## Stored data
────────────────────────────────────────

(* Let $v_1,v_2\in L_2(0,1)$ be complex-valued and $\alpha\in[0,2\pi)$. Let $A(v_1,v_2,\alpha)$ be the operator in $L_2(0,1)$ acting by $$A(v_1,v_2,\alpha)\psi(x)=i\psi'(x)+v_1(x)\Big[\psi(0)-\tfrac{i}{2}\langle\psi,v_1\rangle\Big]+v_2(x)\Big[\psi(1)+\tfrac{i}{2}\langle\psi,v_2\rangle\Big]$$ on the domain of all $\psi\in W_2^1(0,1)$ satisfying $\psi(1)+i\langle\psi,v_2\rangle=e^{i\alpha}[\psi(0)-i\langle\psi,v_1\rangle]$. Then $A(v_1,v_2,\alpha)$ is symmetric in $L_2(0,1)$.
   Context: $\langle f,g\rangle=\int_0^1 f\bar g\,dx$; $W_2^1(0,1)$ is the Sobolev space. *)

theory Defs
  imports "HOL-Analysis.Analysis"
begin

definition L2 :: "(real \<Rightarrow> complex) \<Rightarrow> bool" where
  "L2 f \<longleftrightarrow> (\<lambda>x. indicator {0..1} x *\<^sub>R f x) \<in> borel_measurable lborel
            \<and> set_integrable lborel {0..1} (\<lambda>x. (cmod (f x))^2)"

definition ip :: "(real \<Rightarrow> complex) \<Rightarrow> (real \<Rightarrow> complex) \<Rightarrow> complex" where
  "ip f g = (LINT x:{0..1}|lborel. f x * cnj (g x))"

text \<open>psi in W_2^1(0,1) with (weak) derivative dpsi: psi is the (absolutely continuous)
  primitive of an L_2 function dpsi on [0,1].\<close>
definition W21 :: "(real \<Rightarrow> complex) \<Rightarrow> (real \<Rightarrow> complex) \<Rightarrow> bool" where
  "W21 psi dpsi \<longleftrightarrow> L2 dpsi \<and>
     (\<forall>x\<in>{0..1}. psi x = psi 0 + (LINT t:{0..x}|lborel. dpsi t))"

────────────────────────────────────────

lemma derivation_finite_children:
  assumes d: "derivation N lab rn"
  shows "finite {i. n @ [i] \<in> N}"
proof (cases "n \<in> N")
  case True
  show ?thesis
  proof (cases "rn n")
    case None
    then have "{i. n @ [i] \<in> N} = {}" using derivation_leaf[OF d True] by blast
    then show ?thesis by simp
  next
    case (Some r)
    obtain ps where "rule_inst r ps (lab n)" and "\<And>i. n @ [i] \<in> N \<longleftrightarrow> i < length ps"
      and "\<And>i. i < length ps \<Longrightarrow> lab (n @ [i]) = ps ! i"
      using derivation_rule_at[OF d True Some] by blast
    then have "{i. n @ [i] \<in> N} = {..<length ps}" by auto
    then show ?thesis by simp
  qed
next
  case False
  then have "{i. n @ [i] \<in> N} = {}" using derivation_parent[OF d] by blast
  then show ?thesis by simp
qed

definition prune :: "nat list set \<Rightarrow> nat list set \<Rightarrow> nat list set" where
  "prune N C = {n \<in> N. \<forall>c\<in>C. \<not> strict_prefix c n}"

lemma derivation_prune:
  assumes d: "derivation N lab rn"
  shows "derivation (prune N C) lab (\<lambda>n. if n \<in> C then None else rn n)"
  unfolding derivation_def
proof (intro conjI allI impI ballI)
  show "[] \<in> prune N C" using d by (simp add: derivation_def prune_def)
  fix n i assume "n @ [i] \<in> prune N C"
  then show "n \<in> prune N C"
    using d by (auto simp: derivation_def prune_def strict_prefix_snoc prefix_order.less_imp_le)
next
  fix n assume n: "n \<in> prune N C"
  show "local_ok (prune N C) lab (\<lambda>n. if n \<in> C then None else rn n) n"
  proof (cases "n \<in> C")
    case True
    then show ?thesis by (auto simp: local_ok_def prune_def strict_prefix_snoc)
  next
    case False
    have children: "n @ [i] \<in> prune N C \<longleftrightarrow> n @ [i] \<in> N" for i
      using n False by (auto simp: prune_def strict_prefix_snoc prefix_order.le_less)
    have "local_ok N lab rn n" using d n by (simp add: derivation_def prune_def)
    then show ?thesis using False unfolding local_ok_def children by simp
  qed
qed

────────────────────────────────────────

Using the data above, reproduce exactly the lines from the line that contains "(\<lambda>x. (cmod (f" through the line that contains "primitive of an", including both.

## Exercise result
            \<and> set_integrable lborel {0..1} (\<lambda>x. (cmod (f x))^2)"

definition ip :: "(real \<Rightarrow> complex) \<Rightarrow> (real \<Rightarrow> complex) \<Rightarrow> complex" where
  "ip f g = (LINT x:{0..1}|lborel. f x * cnj (g x))"

text \<open>psi in W_2^1(0,1) with (weak) derivative dpsi: psi is the (absolutely continuous)
  primitive of an L_2 function dpsi on [0,1].\<close>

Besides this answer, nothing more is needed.